**What is being asked:** Copy out all lines in the data below containing the string "that".

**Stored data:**
● ● ● ● ● ● ●

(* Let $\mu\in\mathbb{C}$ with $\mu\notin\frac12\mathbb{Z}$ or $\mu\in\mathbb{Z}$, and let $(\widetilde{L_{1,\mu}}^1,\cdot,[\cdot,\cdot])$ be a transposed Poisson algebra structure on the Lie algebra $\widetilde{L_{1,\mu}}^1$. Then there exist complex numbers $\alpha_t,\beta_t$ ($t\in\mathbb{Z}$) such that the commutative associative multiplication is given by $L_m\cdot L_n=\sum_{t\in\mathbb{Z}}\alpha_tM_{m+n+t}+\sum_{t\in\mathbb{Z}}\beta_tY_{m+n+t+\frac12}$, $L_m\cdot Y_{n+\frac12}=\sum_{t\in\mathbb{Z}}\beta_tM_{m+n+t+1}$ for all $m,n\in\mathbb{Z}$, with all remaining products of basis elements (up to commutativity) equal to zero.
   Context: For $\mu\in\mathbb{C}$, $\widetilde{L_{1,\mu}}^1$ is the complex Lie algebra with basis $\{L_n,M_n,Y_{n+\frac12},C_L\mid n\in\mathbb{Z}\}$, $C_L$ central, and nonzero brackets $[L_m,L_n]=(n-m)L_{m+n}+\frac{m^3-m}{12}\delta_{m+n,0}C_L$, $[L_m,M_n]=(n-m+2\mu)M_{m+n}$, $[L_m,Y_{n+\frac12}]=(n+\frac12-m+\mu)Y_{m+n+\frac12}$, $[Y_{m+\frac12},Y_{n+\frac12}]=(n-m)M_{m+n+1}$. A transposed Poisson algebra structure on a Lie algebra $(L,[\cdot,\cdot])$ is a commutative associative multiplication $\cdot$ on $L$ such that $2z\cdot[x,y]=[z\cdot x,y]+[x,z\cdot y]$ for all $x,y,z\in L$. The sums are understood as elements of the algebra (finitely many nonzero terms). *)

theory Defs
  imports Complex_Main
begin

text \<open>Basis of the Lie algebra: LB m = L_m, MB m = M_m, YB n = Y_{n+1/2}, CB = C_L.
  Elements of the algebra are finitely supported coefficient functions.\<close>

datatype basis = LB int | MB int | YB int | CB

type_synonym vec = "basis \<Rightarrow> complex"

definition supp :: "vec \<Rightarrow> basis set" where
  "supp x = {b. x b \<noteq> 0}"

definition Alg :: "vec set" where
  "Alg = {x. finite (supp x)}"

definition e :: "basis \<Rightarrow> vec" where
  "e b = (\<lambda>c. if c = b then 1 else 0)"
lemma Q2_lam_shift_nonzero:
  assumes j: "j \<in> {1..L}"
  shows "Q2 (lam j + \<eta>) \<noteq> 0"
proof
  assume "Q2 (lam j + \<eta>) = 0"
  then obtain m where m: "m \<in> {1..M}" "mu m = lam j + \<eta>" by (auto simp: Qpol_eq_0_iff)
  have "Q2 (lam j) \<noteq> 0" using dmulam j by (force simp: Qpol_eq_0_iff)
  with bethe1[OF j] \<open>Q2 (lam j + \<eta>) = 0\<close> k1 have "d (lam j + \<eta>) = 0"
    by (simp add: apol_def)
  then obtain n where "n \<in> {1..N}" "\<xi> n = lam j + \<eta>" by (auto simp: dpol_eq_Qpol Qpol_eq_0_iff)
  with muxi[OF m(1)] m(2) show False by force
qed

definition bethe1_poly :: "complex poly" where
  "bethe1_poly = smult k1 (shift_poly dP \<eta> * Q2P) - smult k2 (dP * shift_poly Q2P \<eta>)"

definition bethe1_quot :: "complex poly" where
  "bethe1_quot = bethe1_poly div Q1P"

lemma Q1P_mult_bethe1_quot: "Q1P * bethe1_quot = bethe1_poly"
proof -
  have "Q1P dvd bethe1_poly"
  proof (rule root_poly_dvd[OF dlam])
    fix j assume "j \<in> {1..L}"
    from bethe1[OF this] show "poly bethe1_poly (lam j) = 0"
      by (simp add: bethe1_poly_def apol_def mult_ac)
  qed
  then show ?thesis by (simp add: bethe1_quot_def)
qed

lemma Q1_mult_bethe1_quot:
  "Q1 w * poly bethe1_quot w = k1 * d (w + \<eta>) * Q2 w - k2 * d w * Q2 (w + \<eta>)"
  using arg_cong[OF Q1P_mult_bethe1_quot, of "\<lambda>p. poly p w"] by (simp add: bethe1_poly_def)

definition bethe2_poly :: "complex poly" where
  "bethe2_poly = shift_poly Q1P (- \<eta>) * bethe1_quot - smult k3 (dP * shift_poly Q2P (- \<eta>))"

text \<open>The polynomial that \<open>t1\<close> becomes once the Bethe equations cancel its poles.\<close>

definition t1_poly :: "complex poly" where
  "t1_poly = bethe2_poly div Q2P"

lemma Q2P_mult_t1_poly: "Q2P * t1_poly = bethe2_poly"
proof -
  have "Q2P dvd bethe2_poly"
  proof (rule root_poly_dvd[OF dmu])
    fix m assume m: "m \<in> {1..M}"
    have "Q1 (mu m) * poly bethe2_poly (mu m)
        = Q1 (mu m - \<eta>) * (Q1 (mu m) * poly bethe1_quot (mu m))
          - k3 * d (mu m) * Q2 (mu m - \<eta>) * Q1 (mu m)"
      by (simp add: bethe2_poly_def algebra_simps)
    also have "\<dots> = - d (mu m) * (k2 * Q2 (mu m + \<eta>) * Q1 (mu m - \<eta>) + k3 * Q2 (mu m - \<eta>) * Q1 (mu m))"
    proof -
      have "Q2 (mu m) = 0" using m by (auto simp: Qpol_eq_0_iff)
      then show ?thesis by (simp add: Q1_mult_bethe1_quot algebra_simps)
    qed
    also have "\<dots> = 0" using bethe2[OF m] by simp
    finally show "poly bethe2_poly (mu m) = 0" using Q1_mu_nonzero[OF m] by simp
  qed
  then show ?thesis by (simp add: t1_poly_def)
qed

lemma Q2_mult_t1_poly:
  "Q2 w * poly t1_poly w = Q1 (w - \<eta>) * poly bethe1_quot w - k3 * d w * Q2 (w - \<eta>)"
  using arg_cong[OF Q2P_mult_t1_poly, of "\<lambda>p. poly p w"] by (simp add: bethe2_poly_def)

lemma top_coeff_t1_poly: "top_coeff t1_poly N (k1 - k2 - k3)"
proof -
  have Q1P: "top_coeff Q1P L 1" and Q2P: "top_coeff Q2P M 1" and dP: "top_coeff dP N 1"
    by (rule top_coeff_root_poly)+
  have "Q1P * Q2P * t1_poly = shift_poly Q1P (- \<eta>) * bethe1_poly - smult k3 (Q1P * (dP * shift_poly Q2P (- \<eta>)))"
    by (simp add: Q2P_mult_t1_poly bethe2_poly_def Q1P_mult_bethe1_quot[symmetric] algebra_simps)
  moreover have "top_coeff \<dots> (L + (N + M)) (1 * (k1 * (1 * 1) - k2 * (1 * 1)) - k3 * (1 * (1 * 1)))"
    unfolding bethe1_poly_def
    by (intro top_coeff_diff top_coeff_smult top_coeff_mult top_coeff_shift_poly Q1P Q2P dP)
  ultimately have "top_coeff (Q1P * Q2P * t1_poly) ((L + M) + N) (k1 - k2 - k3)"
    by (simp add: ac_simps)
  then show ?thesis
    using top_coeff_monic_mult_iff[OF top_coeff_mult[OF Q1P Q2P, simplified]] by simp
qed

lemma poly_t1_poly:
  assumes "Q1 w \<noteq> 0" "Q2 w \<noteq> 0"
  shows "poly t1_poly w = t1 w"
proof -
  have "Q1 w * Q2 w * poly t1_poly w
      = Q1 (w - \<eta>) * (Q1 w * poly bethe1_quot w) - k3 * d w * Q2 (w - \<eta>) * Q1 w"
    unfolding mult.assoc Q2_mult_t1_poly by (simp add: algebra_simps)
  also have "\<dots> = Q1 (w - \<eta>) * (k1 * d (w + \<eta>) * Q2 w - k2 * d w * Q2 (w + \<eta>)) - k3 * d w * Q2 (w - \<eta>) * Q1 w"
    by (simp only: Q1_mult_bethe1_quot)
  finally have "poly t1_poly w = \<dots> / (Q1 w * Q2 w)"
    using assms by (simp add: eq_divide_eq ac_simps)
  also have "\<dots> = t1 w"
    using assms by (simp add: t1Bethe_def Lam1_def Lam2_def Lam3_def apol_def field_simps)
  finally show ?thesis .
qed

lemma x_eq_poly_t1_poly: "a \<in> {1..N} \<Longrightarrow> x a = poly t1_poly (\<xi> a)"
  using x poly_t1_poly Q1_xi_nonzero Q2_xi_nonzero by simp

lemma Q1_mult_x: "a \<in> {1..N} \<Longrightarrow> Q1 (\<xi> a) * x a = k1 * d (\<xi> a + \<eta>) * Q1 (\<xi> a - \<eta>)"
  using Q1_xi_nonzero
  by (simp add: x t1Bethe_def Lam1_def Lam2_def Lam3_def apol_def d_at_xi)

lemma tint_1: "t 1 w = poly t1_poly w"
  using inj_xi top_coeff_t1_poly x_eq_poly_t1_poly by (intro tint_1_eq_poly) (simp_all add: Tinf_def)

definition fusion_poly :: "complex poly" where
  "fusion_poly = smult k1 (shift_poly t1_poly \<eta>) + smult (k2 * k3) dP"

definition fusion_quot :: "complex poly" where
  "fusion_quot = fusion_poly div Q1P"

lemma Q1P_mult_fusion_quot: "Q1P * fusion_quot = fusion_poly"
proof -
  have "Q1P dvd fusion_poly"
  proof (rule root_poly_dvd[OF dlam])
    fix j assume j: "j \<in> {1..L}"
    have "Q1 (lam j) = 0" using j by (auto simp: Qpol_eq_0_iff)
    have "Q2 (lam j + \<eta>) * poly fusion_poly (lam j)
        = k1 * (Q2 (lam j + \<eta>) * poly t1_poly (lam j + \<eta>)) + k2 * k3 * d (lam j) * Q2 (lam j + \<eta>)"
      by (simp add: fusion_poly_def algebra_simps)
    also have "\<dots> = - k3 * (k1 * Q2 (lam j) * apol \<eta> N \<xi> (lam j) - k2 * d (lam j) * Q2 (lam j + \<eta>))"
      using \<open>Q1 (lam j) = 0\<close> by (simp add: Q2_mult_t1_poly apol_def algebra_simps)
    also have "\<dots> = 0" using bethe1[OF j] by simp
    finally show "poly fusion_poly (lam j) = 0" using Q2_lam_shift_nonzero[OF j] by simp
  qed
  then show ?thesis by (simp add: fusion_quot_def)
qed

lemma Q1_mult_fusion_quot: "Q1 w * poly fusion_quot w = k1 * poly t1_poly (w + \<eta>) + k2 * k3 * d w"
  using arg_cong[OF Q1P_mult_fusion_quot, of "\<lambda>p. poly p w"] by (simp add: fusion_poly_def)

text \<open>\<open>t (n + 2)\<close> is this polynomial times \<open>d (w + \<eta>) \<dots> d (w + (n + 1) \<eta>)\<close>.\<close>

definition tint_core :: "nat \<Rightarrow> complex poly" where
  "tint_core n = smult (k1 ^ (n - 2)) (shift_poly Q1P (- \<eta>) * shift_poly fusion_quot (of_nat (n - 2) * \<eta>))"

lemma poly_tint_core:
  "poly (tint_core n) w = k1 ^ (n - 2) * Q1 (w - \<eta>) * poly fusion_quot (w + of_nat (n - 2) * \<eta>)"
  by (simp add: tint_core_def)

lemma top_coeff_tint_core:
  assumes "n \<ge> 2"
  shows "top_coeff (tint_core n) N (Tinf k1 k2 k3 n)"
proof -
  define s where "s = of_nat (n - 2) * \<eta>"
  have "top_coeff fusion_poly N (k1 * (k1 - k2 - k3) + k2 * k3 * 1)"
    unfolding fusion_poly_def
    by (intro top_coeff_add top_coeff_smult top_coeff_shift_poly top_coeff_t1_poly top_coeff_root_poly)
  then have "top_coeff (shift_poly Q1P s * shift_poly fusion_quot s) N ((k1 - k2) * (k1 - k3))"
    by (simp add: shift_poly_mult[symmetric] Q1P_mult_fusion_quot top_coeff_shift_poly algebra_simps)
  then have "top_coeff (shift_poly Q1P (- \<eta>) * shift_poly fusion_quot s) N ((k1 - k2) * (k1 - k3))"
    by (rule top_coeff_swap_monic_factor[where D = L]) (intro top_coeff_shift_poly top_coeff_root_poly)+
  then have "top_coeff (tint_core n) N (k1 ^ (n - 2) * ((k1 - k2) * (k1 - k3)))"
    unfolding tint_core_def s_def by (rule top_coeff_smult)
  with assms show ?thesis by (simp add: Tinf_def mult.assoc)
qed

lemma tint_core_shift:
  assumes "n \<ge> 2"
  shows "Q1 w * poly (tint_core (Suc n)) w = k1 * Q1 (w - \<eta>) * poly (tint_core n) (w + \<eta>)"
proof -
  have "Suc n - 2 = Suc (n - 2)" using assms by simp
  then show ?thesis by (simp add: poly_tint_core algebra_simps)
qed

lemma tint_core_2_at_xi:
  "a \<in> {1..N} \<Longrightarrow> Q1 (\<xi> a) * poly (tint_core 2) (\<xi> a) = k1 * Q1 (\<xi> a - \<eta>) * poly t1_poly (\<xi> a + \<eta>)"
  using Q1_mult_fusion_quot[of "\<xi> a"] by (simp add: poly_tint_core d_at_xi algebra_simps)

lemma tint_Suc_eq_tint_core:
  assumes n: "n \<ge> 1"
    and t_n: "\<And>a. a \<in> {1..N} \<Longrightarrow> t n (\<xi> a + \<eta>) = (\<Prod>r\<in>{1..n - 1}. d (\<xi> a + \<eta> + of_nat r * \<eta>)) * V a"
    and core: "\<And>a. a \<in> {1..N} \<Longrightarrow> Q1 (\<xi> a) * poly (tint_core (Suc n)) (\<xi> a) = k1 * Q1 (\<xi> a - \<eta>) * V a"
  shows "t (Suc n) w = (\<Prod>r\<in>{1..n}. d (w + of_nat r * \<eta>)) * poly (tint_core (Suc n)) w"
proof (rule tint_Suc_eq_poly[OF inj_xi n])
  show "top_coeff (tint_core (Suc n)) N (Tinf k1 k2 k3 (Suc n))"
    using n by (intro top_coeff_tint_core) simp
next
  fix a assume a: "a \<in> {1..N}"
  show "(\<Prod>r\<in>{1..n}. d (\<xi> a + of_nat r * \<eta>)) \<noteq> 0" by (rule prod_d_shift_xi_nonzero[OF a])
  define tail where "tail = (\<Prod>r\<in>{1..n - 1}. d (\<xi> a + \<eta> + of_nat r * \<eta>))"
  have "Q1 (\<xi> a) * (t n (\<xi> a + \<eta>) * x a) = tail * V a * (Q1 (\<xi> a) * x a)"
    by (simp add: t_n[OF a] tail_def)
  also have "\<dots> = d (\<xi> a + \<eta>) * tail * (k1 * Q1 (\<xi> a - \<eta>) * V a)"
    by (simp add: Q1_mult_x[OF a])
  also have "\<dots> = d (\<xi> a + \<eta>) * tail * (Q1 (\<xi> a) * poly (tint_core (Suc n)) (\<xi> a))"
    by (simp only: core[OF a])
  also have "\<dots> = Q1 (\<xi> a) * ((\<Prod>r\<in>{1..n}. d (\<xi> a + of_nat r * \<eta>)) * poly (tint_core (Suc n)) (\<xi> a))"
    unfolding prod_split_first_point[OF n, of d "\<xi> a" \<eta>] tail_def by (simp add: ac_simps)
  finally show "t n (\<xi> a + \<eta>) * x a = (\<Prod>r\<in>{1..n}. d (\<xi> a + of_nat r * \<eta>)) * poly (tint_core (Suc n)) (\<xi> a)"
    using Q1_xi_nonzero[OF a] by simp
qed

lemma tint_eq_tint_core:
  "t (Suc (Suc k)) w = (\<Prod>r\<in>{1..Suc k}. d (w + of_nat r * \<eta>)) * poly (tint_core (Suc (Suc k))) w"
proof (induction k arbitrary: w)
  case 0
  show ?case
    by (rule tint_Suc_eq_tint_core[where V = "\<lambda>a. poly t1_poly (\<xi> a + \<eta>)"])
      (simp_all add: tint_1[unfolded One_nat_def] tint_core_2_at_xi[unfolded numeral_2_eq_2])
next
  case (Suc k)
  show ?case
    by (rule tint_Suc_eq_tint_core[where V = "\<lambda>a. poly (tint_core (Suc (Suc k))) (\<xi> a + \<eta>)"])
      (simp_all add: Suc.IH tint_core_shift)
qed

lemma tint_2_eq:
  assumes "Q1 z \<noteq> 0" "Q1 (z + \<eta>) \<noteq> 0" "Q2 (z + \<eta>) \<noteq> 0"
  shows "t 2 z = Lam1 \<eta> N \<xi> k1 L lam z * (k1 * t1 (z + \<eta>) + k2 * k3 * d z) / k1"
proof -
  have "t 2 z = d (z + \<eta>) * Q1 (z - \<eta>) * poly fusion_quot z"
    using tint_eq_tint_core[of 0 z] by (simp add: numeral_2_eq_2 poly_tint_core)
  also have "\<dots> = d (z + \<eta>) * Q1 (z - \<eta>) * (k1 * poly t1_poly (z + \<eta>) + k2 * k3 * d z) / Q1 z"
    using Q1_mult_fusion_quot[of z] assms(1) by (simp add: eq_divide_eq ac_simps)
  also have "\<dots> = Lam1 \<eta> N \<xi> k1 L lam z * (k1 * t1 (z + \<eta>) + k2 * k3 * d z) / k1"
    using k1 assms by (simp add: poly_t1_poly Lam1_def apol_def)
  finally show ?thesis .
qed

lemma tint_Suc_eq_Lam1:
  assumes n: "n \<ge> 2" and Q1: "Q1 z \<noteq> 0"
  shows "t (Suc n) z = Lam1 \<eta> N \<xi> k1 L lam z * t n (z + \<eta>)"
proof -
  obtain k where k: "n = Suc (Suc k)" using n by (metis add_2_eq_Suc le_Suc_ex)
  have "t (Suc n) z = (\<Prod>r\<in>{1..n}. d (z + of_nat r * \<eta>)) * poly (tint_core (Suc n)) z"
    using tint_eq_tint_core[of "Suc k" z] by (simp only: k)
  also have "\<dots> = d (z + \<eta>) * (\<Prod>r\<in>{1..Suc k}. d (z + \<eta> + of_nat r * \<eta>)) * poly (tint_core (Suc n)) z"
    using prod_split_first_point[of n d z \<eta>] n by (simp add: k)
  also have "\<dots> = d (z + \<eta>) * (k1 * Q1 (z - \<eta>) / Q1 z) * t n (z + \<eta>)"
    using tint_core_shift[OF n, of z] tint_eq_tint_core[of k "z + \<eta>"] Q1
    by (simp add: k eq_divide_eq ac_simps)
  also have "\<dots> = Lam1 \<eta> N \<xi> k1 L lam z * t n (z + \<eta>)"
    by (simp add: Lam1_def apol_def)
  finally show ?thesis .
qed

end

● ● ● ● ● ● ●

**Task response:**
(* Let $\mu\in\mathbb{C}$ with $\mu\notin\frac12\mathbb{Z}$ or $\mu\in\mathbb{Z}$, and let $(\widetilde{L_{1,\mu}}^1,\cdot,[\cdot,\cdot])$ be a transposed Poisson algebra structure on the Lie algebra $\widetilde{L_{1,\mu}}^1$. Then there exist complex numbers $\alpha_t,\beta_t$ ($t\in\mathbb{Z}$) such that the commutative associative multiplication is given by $L_m\cdot L_n=\sum_{t\in\mathbb{Z}}\alpha_tM_{m+n+t}+\sum_{t\in\mathbb{Z}}\beta_tY_{m+n+t+\frac12}$, $L_m\cdot Y_{n+\frac12}=\sum_{t\in\mathbb{Z}}\beta_tM_{m+n+t+1}$ for all $m,n\in\mathbb{Z}$, with all remaining products of basis elements (up to commutativity) equal to zero.
   Context: For $\mu\in\mathbb{C}$, $\widetilde{L_{1,\mu}}^1$ is the complex Lie algebra with basis $\{L_n,M_n,Y_{n+\frac12},C_L\mid n\in\mathbb{Z}\}$, $C_L$ central, and nonzero brackets $[L_m,L_n]=(n-m)L_{m+n}+\frac{m^3-m}{12}\delta_{m+n,0}C_L$, $[L_m,M_n]=(n-m+2\mu)M_{m+n}$, $[L_m,Y_{n+\frac12}]=(n+\frac12-m+\mu)Y_{m+n+\frac12}$, $[Y_{m+\frac12},Y_{n+\frac12}]=(n-m)M_{m+n+1}$. A transposed Poisson algebra structure on a Lie algebra $(L,[\cdot,\cdot])$ is a commutative associative multiplication $\cdot$ on $L$ such that $2z\cdot[x,y]=[z\cdot x,y]+[x,z\cdot y]$ for all $x,y,z\in L$. The sums are understood as elements of the algebra (finitely many nonzero terms). *)
text \<open>The polynomial that \<open>t1\<close> becomes once the Bethe equations cancel its poles.\<close>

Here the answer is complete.